== Work item ==
Print, in exact form, the lines below from the one containing "h \<in> Bij" through the one containing "using bij that", and omit all others.

== Data listing ==
(* If $G$ is a noncyclic finite $p$-group and $N$ is a normal subgroup of $G$ such that $\eta(G/N) = \eta(G)$, then $N \le G'$.
   Context: A cyclic subgroup $C$ of a group $G$ is maximal cyclic if there is no cyclic subgroup $D$ of $G$ with $C < D$. $\eta(G)$ denotes the number of conjugacy classes of maximal cyclic subgroups of $G$. $G'$ is the derived subgroup of $G$. *)

theory Defs
  imports "HOL-Algebra.Algebra"
begin

definition cyclic_subgroup :: "('a, 'b) monoid_scheme \<Rightarrow> 'a set \<Rightarrow> bool" where
  "cyclic_subgroup G C \<longleftrightarrow> (\<exists>g \<in> carrier G. C = generate G {g})"

definition maximal_cyclic_subgroup :: "('a, 'b) monoid_scheme \<Rightarrow> 'a set \<Rightarrow> bool" where
  "maximal_cyclic_subgroup G C \<longleftrightarrow>
     cyclic_subgroup G C \<and> \<not> (\<exists>D. cyclic_subgroup G D \<and> C \<subset> D)"

definition conj_set :: "('a, 'b) monoid_scheme \<Rightarrow> 'a \<Rightarrow> 'a set \<Rightarrow> 'a set" where
  "conj_set G g C = (\<lambda>x. g \<otimes>\<^bsub>G\<^esub> x \<otimes>\<^bsub>G\<^esub> inv\<^bsub>G\<^esub> g) ` C"

definition conj_class :: "('a, 'b) monoid_scheme \<Rightarrow> 'a set \<Rightarrow> 'a set set" where
  "conj_class G C = (\<lambda>g. conj_set G g C) ` carrier G"

definition eta :: "('a, 'b) monoid_scheme \<Rightarrow> nat" where
  "eta G = card (conj_class G ` {C. maximal_cyclic_subgroup G C})"

end

theory Submission
  imports Defs
begin

text \<open>Suppose \<open>x \<in> N\<close> but \<open>x \<notin> G'\<close>. Taking images maps the conjugacy classes of maximal
  cyclic subgroups of \<open>G\<close> onto those of \<open>G/N\<close>, so \<open>\<eta>(G/N) = \<eta>(G)\<close> makes this map a
  bijection. As \<open>c x\<close> and \<open>c\<close> have the same image in \<open>G/N\<close>, for every maximal cyclic
  subgroup \<open>\<langle>c\<rangle>\<close> the element \<open>c x\<close> then lies in a conjugate of \<open>\<langle>c\<rangle>\<close>. In the
  abelianization \<open>G/G'\<close> conjugation is trivial, so the image \<open>z \<noteq> 1\<close> of \<open>x\<close> lies in the
  cyclic subgroup generated by the image of \<open>c\<close>: every element of \<open>G/G'\<close> lies in a cyclic
  subgroup together with \<open>z\<close>. An abelian \<open>p\<close>-group with this property is cyclic, since all its
  elements of order \<open>p\<close> lie in \<open>\<langle>z\<rangle>\<close> and hence in the subgroup generated by an element
  of maximal order. Finally, a \<open>p\<close>-group with cyclic abelianization is cyclic, because its
  maximal subgroups are normal and contain \<open>G'\<close>; this contradicts the hypothesis.\<close>

section \<open>Finite \<open>p\<close>-groups\<close>

lemma (in group_action) orbit_eq_singleton_iff:
  assumes "x \<in> E"
  shows "orbit G \<phi> x = {x} \<longleftrightarrow> (\<forall>g\<in>carrier G. \<phi> g x = x)"
  using orbit_refl[OF assms] unfolding orbit_def by blast

lemma (in group_action) singleton_orbits:
  "{orb\<in>orbits G E \<phi>. card orb = 1} = (\<lambda>x. {x}) ` {x\<in>E. \<forall>g\<in>carrier G. \<phi> g x = x}"
proof (intro equalityI subsetI)
  fix orb assume "orb \<in> {orb\<in>orbits G E \<phi>. card orb = 1}"
  then obtain x where x: "x \<in> E" "orb = orbit G \<phi> x" "card orb = 1"
    unfolding orbits_def by blast
  then have "orb = {x}"
    using orbit_refl by (metis card_1_singletonE singletonD)
  with x show "orb \<in> (\<lambda>x. {x}) ` {x\<in>E. \<forall>g\<in>carrier G. \<phi> g x = x}"
    using orbit_eq_singleton_iff by blast
next
  fix orb assume "orb \<in> (\<lambda>x. {x}) ` {x\<in>E. \<forall>g\<in>carrier G. \<phi> g x = x}"
  then obtain x where "x \<in> E" "orbit G \<phi> x = {x}" "orb = {x}"
    using orbit_eq_singleton_iff by blast
  then show "orb \<in> {orb\<in>orbits G E \<phi>. card orb = 1}"
    unfolding orbits_def by auto
qed

text \<open>Orbits have \<open>p\<close>-power size, so modulo \<open>p\<close> only the singleton orbits count.\<close>
lemma (in group_action) card_fixed_points_cong:
  assumes "finite E" and "Factorial_Ring.prime p" and "order G = p ^ k"
  shows "card E mod p = card {x\<in>E. \<forall>g\<in>carrier G. \<phi> g x = x} mod p"
proof -
  let ?O = "orbits G E \<phi>"
  have card_orbit_mod: "card orb mod p = (if card orb = 1 then 1 else 0) mod p" if orb: "orb \<in> ?O" for orb
  proof -
    obtain x where "x \<in> E" "orb = orbit G \<phi> x"
      using orb unfolding orbits_def by blast
    then have "card orb dvd p ^ k"
      using orbit_stabilizer_theorem assms(3) by (metis dvd_triv_left)
    then obtain u where "card orb = p ^ u"
      using assms(2) by (auto simp: divides_primepow_nat)
    then show ?thesis
      by (cases u) auto
  qed
  have "card E = (\<Sum>orb\<in>?O. card orb)"
    using disjoint_sum[OF assms(1), of "\<lambda>_. 1::nat"] by simp
  also have "\<dots> mod p = (\<Sum>orb\<in>?O. if card orb = 1 then 1 else 0) mod p"
    by (metis (no_types, lifting) card_orbit_mod mod_sum_eq sum.cong)
  also have "(\<Sum>orb\<in>?O. if card orb = 1 then 1 else 0) = card {orb\<in>?O. card orb = 1}"
    using assms(1) unfolding orbits_def by (simp add: sum.If_cases Int_def)
  finally show ?thesis
    unfolding singleton_orbits by (simp add: card_image)
qed

lemma (in group) rcoset_action:
  assumes H: "subgroup H G"
  shows "group_action (G\<lparr>carrier := H\<rparr>) (rcosets H) (\<lambda>h. \<lambda>Y\<in>rcosets H. Y #> inv h)"
proof -
  let ?\<phi> = "\<lambda>h. \<lambda>Y\<in>rcosets H. Y #> inv h"
  have HG: "H \<subseteq> carrier G"
    using H subgroup.subset by blast
  have closed: "Y #> g \<in> rcosets H" if "Y \<in> rcosets H" "g \<in> carrier G" for Y g
    using that HG by (auto simp: RCOSETS_def coset_mult_assoc)
  have sub: "Y \<subseteq> carrier G" if "Y \<in> rcosets H" for Y
    using that HG r_coset_subset_G unfolding RCOSETS_def by blast
  have bij: "?\<phi> h \<in> Bij (rcosets H)" if "h \<in> H" for h
  proof -
    have h: "h \<in> carrier G"
      using that HG by blast
    have "bij_betw (\<lambda>Y. Y #> inv h) (rcosets H) (rcosets H)"
      by (rule bij_betwI[where g = "\<lambda>Y. Y #> h"])
         (use closed sub h in \<open>auto simp: coset_mult_assoc\<close>)
    then show ?thesis
      unfolding Bij_def by simp
  qed
  have "?\<phi> (x \<otimes> y) = ?\<phi> x \<otimes>\<^bsub>BijGroup (rcosets H)\<^esub> ?\<phi> y" if "x \<in> H" "y \<in> H" for x y
  proof -
    have xy: "x \<in> carrier G" "y \<in> carrier G"
      using that HG by auto
    have "?\<phi> x \<otimes>\<^bsub>BijGroup (rcosets H)\<^esub> ?\<phi> y = compose (rcosets H) (?\<phi> x) (?\<phi> y)"
      using bij that unfolding BijGroup_def by simp
    also have "\<dots> = ?\<phi> (x \<otimes> y)"
    proof
      fix Y
      show "compose (rcosets H) (?\<phi> x) (?\<phi> y) Y = ?\<phi> (x \<otimes> y) Y"
        using closed[of Y "inv y"] sub[of Y] xy
        by (auto simp: compose_def coset_mult_assoc inv_mult_group)
    qed
    finally show ?thesis
      by simp
  qed
  then have "?\<phi> \<in> hom (G\<lparr>carrier := H\<rparr>) (BijGroup (rcosets H))"
    using bij by (intro homI) (auto simp: BijGroup_def)
  then show ?thesis
    unfolding group_action_def group_hom_def group_hom_axioms_def
    using subgroup_imp_group[OF H] group_BijGroup by blast
qed

lemma (in group) conj_closed_imp_normalizer:
  assumes "finite H" and H: "subgroup H G" and g: "g \<in> carrier G"
    and conj: "\<And>h. h \<in> H \<Longrightarrow> g \<otimes> h \<otimes> inv g \<in> H"
  shows "g \<in> normalizer G H"
proof -
  have HG: "H \<subseteq> carrier G"
    using H subgroup.subset by blast
  have "inj_on (\<lambda>h. g \<otimes> h \<otimes> inv g) H"
    using HG g by (intro inj_onI) (metis inv_closed l_cancel m_closed r_cancel subsetD)
  then have "(\<lambda>h. g \<otimes> h \<otimes> inv g) ` H = H"
    using conj \<open>finite H\<close> by (intro card_subset_eq) (auto simp: card_image)
  moreover have "g <# H #> inv g = (\<lambda>h. g \<otimes> h \<otimes> inv g) ` H"
    unfolding l_coset_def r_coset_def by auto
  ultimately show ?thesis
    unfolding normalizer_def stabilizer_def using g HG by simp
qed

== Task result ==
  have bij: "?\<phi> h \<in> Bij (rcosets H)" if "h \<in> H" for h
  proof -
    have h: "h \<in> carrier G"
      using that HG by blast
    have "bij_betw (\<lambda>Y. Y #> inv h) (rcosets H) (rcosets H)"
      by (rule bij_betwI[where g = "\<lambda>Y. Y #> h"])
         (use closed sub h in \<open>auto simp: coset_mult_assoc\<close>)
    then show ?thesis
      unfolding Bij_def by simp
  qed
  have "?\<phi> (x \<otimes> y) = ?\<phi> x \<otimes>\<^bsub>BijGroup (rcosets H)\<^esub> ?\<phi> y" if "x \<in> H" "y \<in> H" for x y
  proof -
    have xy: "x \<in> carrier G" "y \<in> carrier G"
      using that HG by auto
    have "?\<phi> x \<otimes>\<^bsub>BijGroup (rcosets H)\<^esub> ?\<phi> y = compose (rcosets H) (?\<phi> x) (?\<phi> y)"
      using bij that unfolding BijGroup_def by simp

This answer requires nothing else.